[Stored data]
• • • • •

inductive step :: "nat \<Rightarrow> nat \<Rightarrow> nat set \<Rightarrow> 'v gst \<Rightarrow> 'v gst \<Rightarrow> bool"
  for n f F where
  recv_request: "\<lbrakk> i \<in> parties n - F; st = ls s i; decided st = None;
      can_recv n F s j i (Request v) \<rbrakk> \<Longrightarrow>
      step n f F s (upd s i (st\<lparr>highest_request := (highest_request st)(j := max (highest_request st j) v)\<rparr>) {})"
| recv_done: "\<lbrakk> i \<in> parties n - F; st = ls s i; decided st = None;
      can_recv n F s j i (Done val) \<rbrakk> \<Longrightarrow>
      step n f F s (upd s i (st\<lparr>done_rcv := insert (j, val) (done_rcv st)\<rparr>) {})"
| recv_abort: "\<lbrakk> i \<in> parties n - F; st = ls s i; decided st = None;
      can_recv n F s j i (Abort v); highest_abort st j < v;
      abort_handler n f i j v st = (st', M) \<rbrakk> \<Longrightarrow>
      step n f F s (upd s i st' M)"
| recv_suggest: "\<lbrakk> i \<in> parties n - F; st = ls s i; decided st = None;
      can_recv n F s j i (Suggest k3 v3 k2 v2 pk2 v); v = view st; i = primary n v;
      \<not> (\<exists>m. (j, m) \<in> rcv st \<and> is_suggest m) \<rbrakk> \<Longrightarrow>
      step n f F s (upd s i (st\<lparr>rcv := insert (j, Suggest k3 v3 k2 v2 pk2 v) (rcv st),
         key2_proofs := (if pk2 < k2 \<and> k2 < v then insert (j, k2, v2, pk2) (key2_proofs st) else key2_proofs st),
         suggestions := (if k3 = 0 then insert (j, k3, v3) (suggestions st) else suggestions st),
         pend_sugg := (if k3 \<noteq> 0 \<and> k3 < v then insert (j, k3, v3) (pend_sugg st) else pend_sugg st)\<rparr>) {})"
| recv_proof: "\<lbrakk> i \<in> parties n - F; st = ls s i; decided st = None;
      can_recv n F s j i (Proof k1 v1 pk1 v); v = view st;
      \<not> (\<exists>m. (j, m) \<in> rcv st \<and> is_proof m) \<rbrakk> \<Longrightarrow>
      step n f F s (upd s i (st\<lparr>rcv := insert (j, Proof k1 v1 pk1 v) (rcv st),
         proofs := (if v > k1 \<and> k1 > pk1 then insert (j, k1, v1, pk1) (proofs st) else proofs st)\<rparr>) {})"
| recv_propose: "\<lbrakk> i \<in> parties n - F; st = ls s i; decided st = None;
      can_recv n F s j i (Propose key val v); v = view st; j = primary n v; \<not> prop_rcvd st \<rbrakk> \<Longrightarrow>
      step n f F s (upd s i
        (if lock st = 0 \<or> val = lock_val st
         then st\<lparr>prop_rcvd := True, echoed := True, outbox := outbox st \<union> join_all n (Echo val v)\<rparr>
         else if v > key \<and> key \<ge> lock st
         then st\<lparr>prop_rcvd := True, prop_wait := Some val\<rparr>
         else st\<lparr>prop_rcvd := True\<rparr>) {})"
| recv_vote: "\<lbrakk> i \<in> parties n - F; st = ls s i; decided st = None; can_recv n F s j i m;
      m \<in> {Echo val (view st), Key1 val (view st), Key2 val (view st), Key3 val (view st), Lock val (view st)} \<rbrakk> \<Longrightarrow>
      step n f F s (upd s i (st\<lparr>rcv := insert (j, m) (rcv st)\<rparr>) {})"
| echo_wait: "\<lbrakk> i \<in> parties n - F; st = ls s i; decided st = None;
      prop_wait st = Some val; \<not> echoed st;
      card {p \<in> proofs st. case p of (_, k, w, pk) \<Rightarrow> supports k w pk (lock st) (lock_val st)} \<ge> f + 1 \<rbrakk> \<Longrightarrow>
      step n f F s (upd s i (st\<lparr>echoed := True, outbox := outbox st \<union> join_all n (Echo val (view st))\<rparr>) {})"
| got_echoes: "\<lbrakk> i \<in> parties n - F; st = ls s i; decided st = None; (1, val) \<notin> fired st;
      cnt n (\<lambda>j. (j, Echo val (view st)) \<in> rcv st) \<ge> n - f \<rbrakk> \<Longrightarrow>
      step n f F s (upd s i (st\<lparr>fired := insert (1, val) (fired st),
         outbox := outbox st \<union> join_all n (Key1 val (view st)),
         prev_key1 := (if key1_val st \<noteq> val then key1 st else prev_key1 st),
         key1_val := val, key1 := view st\<rparr>) {})"
| got_key1: "\<lbrakk> i \<in> parties n - F; st = ls s i; decided st = None; (2, val) \<notin> fired st;
      cnt n (\<lambda>j. (j, Key1 val (view st)) \<in> rcv st) \<ge> n - f \<rbrakk> \<Longrightarrow>
      step n f F s (upd s i (st\<lparr>fired := insert (2, val) (fired st),
         outbox := outbox st \<union> join_all n (Key2 val (view st)),
         prev_key2 := (if key2_val st \<noteq> val then key2 st else prev_key2 st),
         key2_val := val, key2 := view st\<rparr>) {})"
| got_key2: "\<lbrakk> i \<in> parties n - F; st = ls s i; decided st = None; (3, val) \<notin> fired st;
      cnt n (\<lambda>j. (j, Key2 val (view st)) \<in> rcv st) \<ge> n - f \<rbrakk> \<Longrightarrow>
      step n f F s (upd s i (st\<lparr>fired := insert (3, val) (fired st),
         outbox := outbox st \<union> join_all n (Key3 val (view st)),
         key3 := view st, key3_val := val\<rparr>) {})"
| got_key3: "\<lbrakk> i \<in> parties n - F; st = ls s i; decided st = None; (4, val) \<notin> fired st;
      cnt n (\<lambda>j. (j, Key3 val (view st)) \<in> rcv st) \<ge> n - f \<rbrakk> \<Longrightarrow>
      step n f F s (upd s i (st\<lparr>fired := insert (4, val) (fired st),
         outbox := outbox st \<union> join_all n (Lock val (view st)),
         lock := view st, lock_val := val\<rparr>) {})"
| got_lock: "\<lbrakk> i \<in> parties n - F; st = ls s i; decided st = None; \<not> done_sent st;
      cnt n (\<lambda>j. (j, Lock val (view st)) \<in> rcv st) \<ge> n - f \<rbrakk> \<Longrightarrow>
      step n f F s (upd s i (st\<lparr>done_sent := True\<rparr>) (to_all n i (Done val)))"
| suggest_wait: "\<lbrakk> i \<in> parties n - F; st = ls s i; decided st = None; (j, k3, v3) \<in> pend_sugg st;
      card {t \<in> key2_proofs st. case t of (_, k, w, pk) \<Rightarrow> k3 \<le> pk \<or> (k3 \<le> k \<and> w = v3)} \<ge> f + 1 \<rbrakk> \<Longrightarrow>
      step n f F s (upd s i (st\<lparr>pend_sugg := pend_sugg st - {(j, k3, v3)},
         suggestions := insert (j, k3, v3) (suggestions st)\<rparr>) {})"
| propose: "\<lbrakk> i \<in> parties n - F; st = ls s i; decided st = None; i = primary n (view st);
      \<not> proposed st; card (suggestions st) \<ge> n - f; (j, k, w) \<in> suggestions st;
      \<forall>(j', k', w') \<in> suggestions st. k' \<le> k \<rbrakk> \<Longrightarrow>
      step n f F s (upd s i (st\<lparr>proposed := True,
         outbox := outbox st \<union> join_all n (Propose k w (view st))\<rparr>) {})"
| done_amplify: "\<lbrakk> i \<in> parties n - F; st = ls s i; decided st = None; \<not> done_sent st;
      cnt n (\<lambda>j. (j, val) \<in> done_rcv st) \<ge> f + 1 \<rbrakk> \<Longrightarrow>
      step n f F s (upd s i (st\<lparr>done_sent := True\<rparr>) (to_all n i (Done val)))"
| decide: "\<lbrakk> i \<in> parties n - F; st = ls s i; decided st = None;
      cnt n (\<lambda>j. (j, val) \<in> done_rcv st) \<ge> n - f \<rbrakk> \<Longrightarrow>
      step n f F s (upd s i (st\<lparr>decided := Some val\<rparr>) {})"
| timeout: "\<lbrakk> i \<in> parties n - F; st = ls s i; decided st = None; \<not> timed_out st \<rbrakk> \<Longrightarrow>
      step n f F s (upd s i (st\<lparr>timed_out := True\<rparr>) (to_all n i (Abort (view st))))"
| send: "\<lbrakk> i \<in> parties n - F; st = ls s i; decided st = None; (k, m) \<in> outbox st;
      highest_request st k = view st \<rbrakk> \<Longrightarrow>
      step n f F s (upd s i st {(i, k, m)})"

• • • • •

| PROBLEM TO WORK ON |
All that belongs in the answer is an exact copy of the lines from the start of the records above through the line with "can_recv n F s j i (Request".

| EXERCISE RESPONSE |
inductive step :: "nat \<Rightarrow> nat \<Rightarrow> nat set \<Rightarrow> 'v gst \<Rightarrow> 'v gst \<Rightarrow> bool"
  for n f F where
  recv_request: "\<lbrakk> i \<in> parties n - F; st = ls s i; decided st = None;
      can_recv n F s j i (Request v) \<rbrakk> \<Longrightarrow>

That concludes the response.